Все же она назначила мне встречу, но приняла меня в малюсеньком кабинете, где не было даже стульев, чтобы можно было сесть и спокойно рассказать о ситуации. Наверное, таким образом миссис Харт давала мне понять, чтобы я говорила быстро и не отнимала у нее время. Человек, занимающийся воспитанием детей и отвечающий за них, слушал меня стоя, скрестив руки на груди. Было ужасно некомфортно. Я старалась объясниться как можно быстрее и четче, в надежде, что она сообщит всему школьному персоналу о Катерине и будут приняты срочные меры.
Такая же проблема возникла у нас и с заместителем директора.

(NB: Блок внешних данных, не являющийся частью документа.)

text \<open>Minimality of \<open>H\<close> applied to the restriction to \<open>K\<close>: it satisfies (a), so it must violate
(b).\<close>

lemma minimal_imp_restriction_Qminus:
  assumes minimal: "\<forall>H'. subgraph H' H \<and> H' \<noteq> H \<longrightarrow> \<not> good_subdivision G H'"
    and K: "K \<subseteq> {0..<m}" "3 \<le> card K" "K \<noteq> {0..<m}"
  shows "isomorphic (induced (hypercube m) (labels \<inter> Pow K)) (Qminus (card K)) \<or>
         isomorphic (induced (hypercube m) (labels \<inter> Pow K)) (Qminusminus (card K))"
proof -
  obtain \<sigma> where s: "bij_betw \<sigma> {0..<card K} K"
    using ex_bij_betw_nat_finite[of K] K finite_subset by blast
  have "\<not> good_subdivision G (sub_clique K)"
    using minimal sub_clique_subgraph[OF K(1)] sub_clique_proper[OF K(1,3)] by blast
  then have "isomorphic (conv G (sub_clique K)) (Qminus (card K)) \<or>
      isomorphic (conv G (sub_clique K)) (Qminusminus (card K))"
    using sub_clique_isometric[OF K(1)] graph_iso_sub_clique[OF K(1) s] sub_clique_apex_free[OF K(1) s K(2)]
    unfolding good_subdivision_def cond_ab_def by blast
  moreover have "conv G (sub_clique K) = induced G (region K)"
    using conv_eq_region[OF K(1)] unfolding sub_clique_def by simp
  moreover have "isomorphic (induced (hypercube m) (labels \<inter> Pow K)) (induced G (region K))"
    using graph_iso_label[OF K(1)] label_image_region[OF K(1)] graph_iso_isomorphic isomorphic_sym by metis
  ultimately show ?thesis using isomorphic_trans by metis
qed

text \<open>Take a smallest missing \<open>Y\<close> and \<open>j \<notin> Y\<close>: on \<open>K = Y \<union> {j}\<close> both \<open>{}\<close> and \<open>K - {j}\<close> are
missing, contradicting the previous lemma.\<close>

lemma minimal_imp_small_sets_in_labels:
  assumes minimal: "\<forall>H'. subgraph H' H \<and> H' \<noteq> H \<longrightarrow> \<not> good_subdivision G H'"
    and Y: "Y \<subseteq> {0..<m}" "Y \<noteq> {}" "card Y + 2 \<le> m"
  shows "Y \<in> labels"
proof (rule ccontr)
  assume "Y \<notin> labels"
  let ?P = "\<lambda>Y. Y \<subseteq> {0..<m} \<and> Y \<noteq> {} \<and> card Y + 2 \<le> m \<and> Y \<notin> labels"
  obtain Y0 where Y0: "?P Y0" and least: "\<forall>Z. ?P Z \<longrightarrow> card Y0 \<le> card Z"
    using ex_has_least_nat[of ?P Y card] Y \<open>Y \<notin> labels\<close> by blast
  have fY0: "finite Y0" using Y0 finite_subset by blast
  have three: "3 \<le> card Y0"
  proof (rule ccontr)
    assume "\<not> 3 \<le> card Y0"
    then have "Y0 \<in> labels" using small_sets_in_labels[of Y0] Y0 by simp
    then show False using Y0 by simp
  qed
  have "\<not> {0..<m} \<subseteq> Y0" using card_mono[OF fY0, of "{0..<m}"] Y0 by auto
  then obtain j where "j \<in> {0..<m}" "j \<notin> Y0" by blast
  define K where "K = insert j Y0"
  have cK: "card K = Suc (card Y0)" using fY0 \<open>j \<notin> Y0\<close> unfolding K_def by simp
  have K: "K \<subseteq> {0..<m}" "3 \<le> card K" "K \<noteq> {0..<m}" "j \<in> K" "K - {j} = Y0"
    using Y0 \<open>j \<in> {0..<m}\<close> \<open>j \<notin> Y0\<close> cK three unfolding K_def by auto
  have "labels \<inter> Pow K \<subseteq> Pow K - {{}, K - {j}}" using empty_notin_labels Y0 K(5) by auto
  then have "\<not> isomorphic (induced (hypercube m) (labels \<inter> Pow K)) (Qminus (card K))"
    "\<not> isomorphic (induced (hypercube m) (labels \<inter> Pow K)) (Qminusminus (card K))"
    using cube_subset_missing_cosingleton[OF K(1) _ K(4)] K(2) by auto
  then show False using minimal_imp_restriction_Qminus[OF minimal K(1-3)] by blast
qed

theorem conv_in_Qminus_family:
  assumes minimal: "\<forall>H'. subgraph H' H \<and> H' \<noteq> H \<longrightarrow> \<not> good_subdivision G H'"
    and not_Qminus: "\<not> isomorphic (conv G H) (Qminus m)"
    and not_Qminusminus: "\<not> isomorphic (conv G H) (Qminusminus m)"
  shows "iso_to_Qminus_family (conv G H)"
proof -
  have "isomorphic (induced (hypercube m) labels) (Qminus m)
    \<or> isomorphic (induced (hypercube m) labels) (Qminusminus m)
    \<or> iso_to_Qminus_family (induced (hypercube m) labels)"
  proof (rule cube_subset_classification[OF m_ge_3 labels_subset empty_notin_labels])
    show "Y \<in> labels" if "Y \<subseteq> {0..<m}" "Y \<noteq> {}" "card Y \<le> 2 \<or> card Y + 2 \<le> m" for Y
      using that small_sets_in_labels minimal_imp_small_sets_in_labels[OF minimal] by blast
    show "{0..<m} - {i} \<in> labels \<or> {0..<m} - {j} \<in> labels"
      if "{0..<m} \<in> labels" "i < m" "j < m" "i \<noteq> j" for i j
    proof (rule labels_cosingleton[OF that])
      obtain k where "k < m" "k \<noteq> i" "k \<noteq> j" using exists_third[OF m_ge_3] by blast
      then have "{0..<m} - {i, j} \<noteq> {}" by auto
      moreover have "card ({0..<m} - {i, j}) + 2 \<le> m" using that by (simp add: card_Diff_subset)
      ultimately show "{0..<m} - {i, j} \<in> labels"
        using minimal_imp_small_sets_in_labels[OF minimal, of "{0..<m} - {i, j}"] by auto
    qed
  qed
  then show ?thesis
    using conv_isomorphic_labels not_Qminus not_Qminusminus isomorphic_trans iso_to_Qminus_family_isomorphic by blast
qed

end

section \<open>Small cliques\<close>

text \<open>For \<open>m \<le> 2\<close> the hypotheses are contradictory: for \<open>m = 0\<close> and \<open>m = 1\<close> condition (a) forces
\<open>G\<close> to be empty resp. a single vertex, whose hull is \<open>Q\<^sub>m\<^sup>-\<close>, and for \<open>m = 2\<close> the subdivision
vertex is adjacent to both original vertices.\<close>

lemma conv_empty_isomorphic_Qminus_0:
  assumes "verts G = {}" "verts H \<subseteq> verts G"
  shows "isomorphic (conv G H) (Qminus 0)"
proof -
  have "convex_set G {}" unfolding convex_set_def by simp
  then have "verts (conv G H) = {}" using assms unfolding conv_def by auto
  moreover have "verts (Qminus 0) = {}" unfolding Qminus_def by auto
  ultimately show ?thesis unfolding isomorphic_def bij_betw_def by auto
qed

lemma conv_single_vertex_isomorphic_Qminus_1:
  assumes G: "graph G" "verts G = {x}" and H: "verts H = {x}"
  shows "isomorphic (conv G H) (Qminus 1)"
proof -
  have "convex_set G (verts G)" unfolding convex_set_def walk_betw_def walk_def by auto
  then have "conv G H = induced G {x}" using G H unfolding conv_def by (intro arg_cong[where f = "induced G"]) blast
  moreover have "Pow {0::nat} - {{0}} = {{}}" by (auto simp: subset_singleton_iff)
  then have "Qminus 1 = induced (hypercube 1) {{}}" unfolding Qminus_def by simp
  moreover have "isomorphic (induced G {x}) (induced (hypercube 1) {{}})"
    unfolding isomorphic_def
  proof (intro exI[of _ "\<lambda>_. {}"] conjI ballI)
    show "bij_betw (\<lambda>_. {}) (verts (induced G {x})) (verts (induced (hypercube 1) {{}}))"
      unfolding bij_betw_def by auto
    fix u v assume "u \<in> verts (induced G {x})" "v \<in> verts (induced G {x})"
    then show "(u, v) \<in> arcs (induced G {x}) \<longleftrightarrow> ({}, {}) \<in> arcs (induced (hypercube 1) {{}})"
      using G(1) unfolding graph_def by (simp add: induced_def hypercube_def)
  qed
  ultimately show ?thesis by simp
qed

lemma connected_no_neighbour_imp_single:
  assumes "graph G" "connected_graph G" "x \<in> verts G" "\<not> (\<exists>v\<in>verts G. (v, x) \<in> arcs G)"
  shows "verts G = {x}"
proof -
  have "v = x" if v: "v \<in> verts G" for v
  proof -
    obtain p where p: "walk_betw G x p v" using assms(2,3) v unfolding connected_graph_def by blast
    show ?thesis
    proof (cases "2 \<le> length p")
      case True
      then have "(x, p ! 1) \<in> arcs G" using second_vertex_of_walk[OF p] by simp
      then show ?thesis using assms(1,4) unfolding graph_def by blast
    next
      case False
      moreover have "0 < length p" using p unfolding walk_betw_def walk_def by simp
      ultimately have "length p = 1" by linarith
      then obtain z where "p = [z]" by (metis One_nat_def length_0_conv length_Suc_conv)
      then show ?thesis using p unfolding walk_betw_def by auto
    qed
  qed
  then show ?thesis using assms(3) by blast
qed
(* Let $\mu:\mathbb{R}^{n\times n}\to\mathbb{R}$ be the matrix measure induced by a vector norm $|\cdot|$ on $\mathbb{R}^n$. The following four conditions are equivalent: (1) the norm $|\cdot|$ inducing $\mu$ is orthant-monotonic; (2) $\mu$ is admissible, i.e. $\mu(-D)\le 0$ for every $D\in\mathbb{D}^n_{\ge 0}$; (3) $\mu(D)=\max_i\{d_{ii}\}$ for every $D\in\mathbb{D}^n_{\ge 0}$; (4) there exists a matrix $A\in\mathbb{R}^{n\times n}$ such that $\mu(A-D)<0$ for all $D\in\mathbb{D}^n_{\ge 0}$.
   Context: $\mathbb{D}^n_{\ge 0}$ denotes the set of $n\times n$ diagonal matrices with nonnegative diagonal entries $d_{ii}$. For a vector norm $|\cdot|$ on $\mathbb{R}^n$, the induced matrix norm is $\|A\|=\max_{|x|=1}|Ax|$ and the induced matrix measure (logarithmic norm) is $\mu(A)=\lim_{\varepsilon\to0^+}(\|I_n+\varepsilon A\|-1)/\varepsilon$. A norm $|\cdot|$ on $\mathbb{R}^n$ is orthant-monotonic if for all $x,y\in\mathbb{R}^n$: whenever $x_iy_i\ge 0$ and $|x_i|\le|y_i|$ (absolute values) for all $i$, then $|x|\le|y|$. *)

theory Defs
  imports "HOL-Analysis.Analysis"
begin

definition is_vnorm :: "(real^'n \<Rightarrow> real) \<Rightarrow> bool" where
  "is_vnorm N \<longleftrightarrow>
     (\<forall>x. N x = 0 \<longleftrightarrow> x = 0) \<and>
     (\<forall>c x. N (c *\<^sub>R x) = \<bar>c\<bar> * N x) \<and>
     (\<forall>x y. N (x + y) \<le> N x + N y)"

definition induced_norm :: "(real^'n \<Rightarrow> real) \<Rightarrow> real^'n^'n \<Rightarrow> real" where
  "induced_norm N A = Sup {N (A *v x) | x. N x = 1}"

definition matrix_measure :: "(real^'n \<Rightarrow> real) \<Rightarrow> real^'n^'n \<Rightarrow> real" where
  "matrix_measure N A =
     Lim (at_right 0) (\<lambda>\<epsilon>. (induced_norm N (mat 1 + \<epsilon> *\<^sub>R A) - 1) / \<epsilon>)"

definition orthant_monotonic :: "(real^'n \<Rightarrow> real) \<Rightarrow> bool" where
  "orthant_monotonic N \<longleftrightarrow>
     (\<forall>x y. (\<forall>i. x $ i * y $ i \<ge> 0 \<and> \<bar>x $ i\<bar> \<le> \<bar>y $ i\<bar>) \<longrightarrow> N x \<le> N y)"

definition diagm :: "('n \<Rightarrow> real) \<Rightarrow> real^'n^'n" where
  "diagm d = (\<chi> i j. if i = j then d i else 0)"

end

theory Submission
  imports Defs
begin

text \<open>
  For an orthant-monotonic norm the induced norm of a nonnegative diagonal matrix D is its largest
  entry, so every difference quotient (||I + e D|| - 1) / e defining \<mu>(D) equals max d_i; this is (3).
  From (3), \<mu>(-D) = \<mu>(M I - D) - M \<le> 0 with M = max d_i, which is (2). Conditions (2) and (4)
  are equivalent by the shift rule \<mu>(A + c I) = \<mu>(A) + c (take A = -I), and by subadditivity and
  positive homogeneity of \<mu> (scale D up).

  The substantial step is (2) \<Longrightarrow> (1). It suffices that multiplying the k-th coordinate by
  s \<in> [0, 1], x \<mapsto> C_s x, never increases the norm. The function f(s) = |C_s x| is convex, and
  with E_k = diag(e_k) the matrix I - e E_k maps C_s x to C_(s(1-e)) x, so \<mu>(-E_k) \<le> 0 bounds
  the growth of f when s decreases by a factor 1 - e. Comparing with the chord of f through s(1-e) and 1 forces f(s) \<le> f(1).
\<close>

section \<open>Diagonal matrices\<close>

lemma diagm_mult_vec: "diagm d *v x = (\<chi> i. d i * x $ i)"
  by (simp add: vec_eq_iff matrix_vector_mult_def diagm_def if_distrib [of "\<lambda>a. a * _"] cong: if_cong)

lemma mat_1_eq_diagm: "mat 1 = diagm (\<lambda>_. 1)"
  by (simp add: vec_eq_iff mat_def diagm_def)

lemma diagm_add: "diagm a + diagm b = diagm (\<lambda>i. a i + b i)"
  by (simp add: vec_eq_iff diagm_def)

lemma scaleR_diagm: "c *\<^sub>R diagm a = diagm (\<lambda>i. c * a i)"
  by (simp add: vec_eq_iff diagm_def)

lemma uminus_diagm: "- diagm a = diagm (\<lambda>i. - a i)"
  by (simp add: vec_eq_iff diagm_def)

lemma mat_1_plus_scaleR_diagm: "mat 1 + e *\<^sub>R diagm d = diagm (\<lambda>i. 1 + e * d i)"
  by (simp add: mat_1_eq_diagm scaleR_diagm diagm_add)

definition coord_scaling :: "'n \<Rightarrow> real \<Rightarrow> real^'n^'n" where
  "coord_scaling k s = diagm (\<lambda>i. if i = k then s else 1)"

lemma coord_scaling_mult_vec: "coord_scaling k s *v x = x + ((s - 1) * x $ k) *\<^sub>R axis k 1"
  by (simp add: coord_scaling_def diagm_mult_vec vec_eq_iff axis_def algebra_simps)

lemma coord_scaling_1 [simp]: "coord_scaling k 1 = mat 1"
  by (simp add: coord_scaling_def mat_1_eq_diagm)

lemma coord_scaling_mult_vec_mult_vec:
  "coord_scaling k a *v (coord_scaling k b *v x) = coord_scaling k (a * b) *v x"
  by (simp add: coord_scaling_def diagm_mult_vec vec_eq_iff)

lemma coord_scaling_convex:
  "(1 - p) *\<^sub>R (coord_scaling k s *v x) = (1 - s) *\<^sub>R (coord_scaling k p *v x) + (s - p) *\<^sub>R x"
  by (simp add: coord_scaling_def diagm_mult_vec vec_eq_iff algebra_simps)

lemma mat_1_minus_scaleR_coord_diagm:
  "mat 1 + e *\<^sub>R - diagm (\<lambda>i. of_bool (i = k)) = coord_scaling k (1 - e)"
  unfolding coord_scaling_def uminus_diagm mat_1_plus_scaleR_diagm
  by (intro arg_cong [where f = diagm]) auto

section \<open>Norms on real^'n and their induced matrix norms\<close>

locale vector_norm =
  fixes N :: "real^'n \<Rightarrow> real"
  assumes is_vnorm: "is_vnorm N"
begin

lemma N_eq_0_iff [simp]: "N x = 0 \<longleftrightarrow> x = 0"
  using is_vnorm unfolding is_vnorm_def by blast

lemma N_scaleR [simp]: "N (c *\<^sub>R x) = \<bar>c\<bar> * N x"
  using is_vnorm unfolding is_vnorm_def by blast

lemma N_triangle: "N (x + y) \<le> N x + N y"
  using is_vnorm unfolding is_vnorm_def by blast

lemma N_0 [simp]: "N 0 = 0"
  using N_eq_0_iff by blast

lemma N_minus [simp]: "N (- x) = N x"
  using N_scaleR [of "-1" x] by simp

lemma N_nonneg [simp]: "0 \<le> N x"
  using N_triangle [of x "- x"] by simp

lemma N_pos: "x \<noteq> 0 \<Longrightarrow> 0 < N x"
  using N_nonneg [of x] by (simp add: order_le_less)

lemma N_triangle_diff: "N x - N y \<le> N (x - y)"
  using N_triangle [of "x - y" y] by simp

lemma N_sum: "N (\<Sum>i\<in>S. f i) \<le> (\<Sum>i\<in>S. N (f i))"
proof (induction S rule: infinite_finite_induct)
  case (insert a S)
  then show ?case
    using N_triangle [of "f a" "sum f S"] by simp
qed simp_all

lemma N_le_norm: "\<exists>B\<ge>0. \<forall>x. N x \<le> B * norm x"
proof (intro exI conjI allI)
  fix x :: "real^'n"
  have "N x = N (\<Sum>i\<in>UNIV. x $ i *\<^sub>R axis i 1)"
    by (simp add: basis_expansion flip: scalar_mult_eq_scaleR)
  also have "\<dots> \<le> (\<Sum>i\<in>UNIV. \<bar>x $ i\<bar> * N (axis i 1))"
    using N_sum [of "\<lambda>i. x $ i *\<^sub>R axis i 1" UNIV] by simp
  also have "\<dots> \<le> (\<Sum>i\<in>UNIV. N (axis i 1)) * norm x"
    unfolding sum_distrib_right
    by (intro sum_mono) (simp add: mult.commute mult_right_mono component_le_norm_cart)
  finally show "N x \<le> (\<Sum>i\<in>UNIV. N (axis i 1)) * norm x" .
qed (simp add: sum_nonneg)

lemma continuous_on_N: "continuous_on UNIV N"
proof -
  obtain B where "B \<ge> 0" and B: "\<And>x. N x \<le> B * norm x"
    using N_le_norm by blast
  have "dist (N x) (N y) \<le> B * dist x y" for x y
    using N_triangle_diff [of x y] N_triangle_diff [of y x] B [of "x - y"] B [of "y - x"]
    by (simp add: dist_real_def dist_norm norm_minus_commute abs_le_iff)
  with \<open>B \<ge> 0\<close> have "B-lipschitz_on UNIV N"
    by (intro lipschitz_onI)
  then show ?thesis
    by (rule lipschitz_on_continuous_on)
qed

lemma norm_le_N: "\<exists>m>0. \<forall>x. m * norm x \<le> N x"
proof -
  have "continuous_on (sphere 0 1) N"
    using continuous_on_N continuous_on_subset by blast
  then obtain z where z: "z \<in> sphere (0::real^'n) 1" and min: "\<forall>y\<in>sphere 0 1. N z \<le> N y"
    using continuous_attains_inf [of "sphere 0 1" N] by auto
  have "N z * norm x \<le> N x" for x
  proof (cases "x = 0")
    case False
    then have "(1 / norm x) *\<^sub>R x \<in> sphere 0 1"
      by simp
    then have "N z \<le> N ((1 / norm x) *\<^sub>R x)"
      using min by blast
    with False show ?thesis
      by (simp add: field_simps)
  qed simp
  moreover have "0 < N z"
    using z by (intro N_pos) auto
  ultimately show ?thesis
    by blast
qed

lemma N_mult_vec_bounded: "\<exists>C. \<forall>x. N (M *v x) \<le> C * N x"
proof -
  obtain B where B: "\<And>x. N x \<le> B * norm x" "B \<ge> 0"
    using N_le_norm by blast
  obtain m where m: "\<And>x. m * norm x \<le> N x" "m > 0"
    using norm_le_N by blast
  obtain K where K: "\<And>x. norm (M *v x) \<le> norm x * K" "K > 0"
    using bounded_linear.pos_bounded [OF matrix_vector_mul_bounded_linear] by blast
  have "N (M *v x) \<le> (B * K / m) * N x" for x
  proof -
    have "N (M *v x) \<le> B * (norm x * K)"
      using B K by (meson mult_left_mono order_trans)
    also have "\<dots> = (B * K) * norm x"
      by simp
    also have "\<dots> \<le> (B * K) * (N x / m)"
      using B K m by (intro mult_left_mono) (simp_all add: pos_le_divide_eq mult.commute)
    finally show ?thesis
      by simp
  qed
  then show ?thesis
    by blast
qed

lemma ex_N_eq_1: "\<exists>x. N x = 1"
proof -
  obtain x :: "real^'n" where "x \<noteq> 0"
    using zero_neq_one by blast
  then show ?thesis
    by (intro exI [of _ "(1 / N x) *\<^sub>R x"]) (simp add: N_pos [THEN less_imp_neq, symmetric])
qed

lemma bdd_above_induced_norm: "bdd_above {N (M *v x) | x. N x = 1}"
proof -
  obtain C where "\<And>x. N (M *v x) \<le> C * N x"
    using N_mult_vec_bounded by blast
  then show ?thesis
    unfolding bdd_above_def by (intro exI [of _ C]) (auto, metis mult.right_neutral)
qed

Не знаю почему, но он беспричинно злился на Катерину. Злился, когда она, например, не могла включить компьютер или не сдавала работу вовремя. Для такой должности этот мужчина был достаточно молод, похоже, ему явно не хватало опыта.
Создавалось впечатление, что заместителю директора и директору хотелось выглядеть авторитетными и строгими. И какое-то время это у них неплохо получалось, но в итоге оба добились того, что их просто-напросто невзлюбили. Фамилия заместителя директора была Боун (Bone), и мы иногда посмеивались над ним, называя его мистер Уэсо (Hueso) — в переводе на русский мистер Косточка. Смешно было иногда, но проблемы необходимо было решать.
Мы попросили организовать срочное собрание с миссис Харт и мистером Боуном, чтобы как можно более отчетливо разъяснить ситуацию Катерины, хотя они уже и так все знали. На эту встречу я пошла с Карлосом, это был его первый визит в эту школу (так они и узнали, что у Катерины есть отец). Карлос, уже немного раздраженный, начал разговор с мистером Боуном достаточно властно и уверенно, стараясь сохранять спокойствие. Несмотря на несовершенный английский, выражался он достаточно четко и ясно. Объясняя мистеру Боуну очень деликатное состояние здоровья дочки, Карлос утверждал, что плохое обращение с Катериной является примером для всех учеников и провоцирует волну подражания — ученики будут обращаться с ней так же. Мы говорили довольно долго. Они как могли оборонялись.
Мы не знали, к чему приведет разговор с мистером Боуном, просто надеялись, что честное объяснение повлияет на его отношение к дочери. На удивление, он полностью изменился и начал обращаться с ней наилучшим образом. Даже стал предлагать свою помощь. Порой Катерина говорила:
— Мами, — (дети называли меня мами или мамита, что по-русски значит «мамочка»), — теперь мистер Боун похож на ангела, а не на монстра, как раньше.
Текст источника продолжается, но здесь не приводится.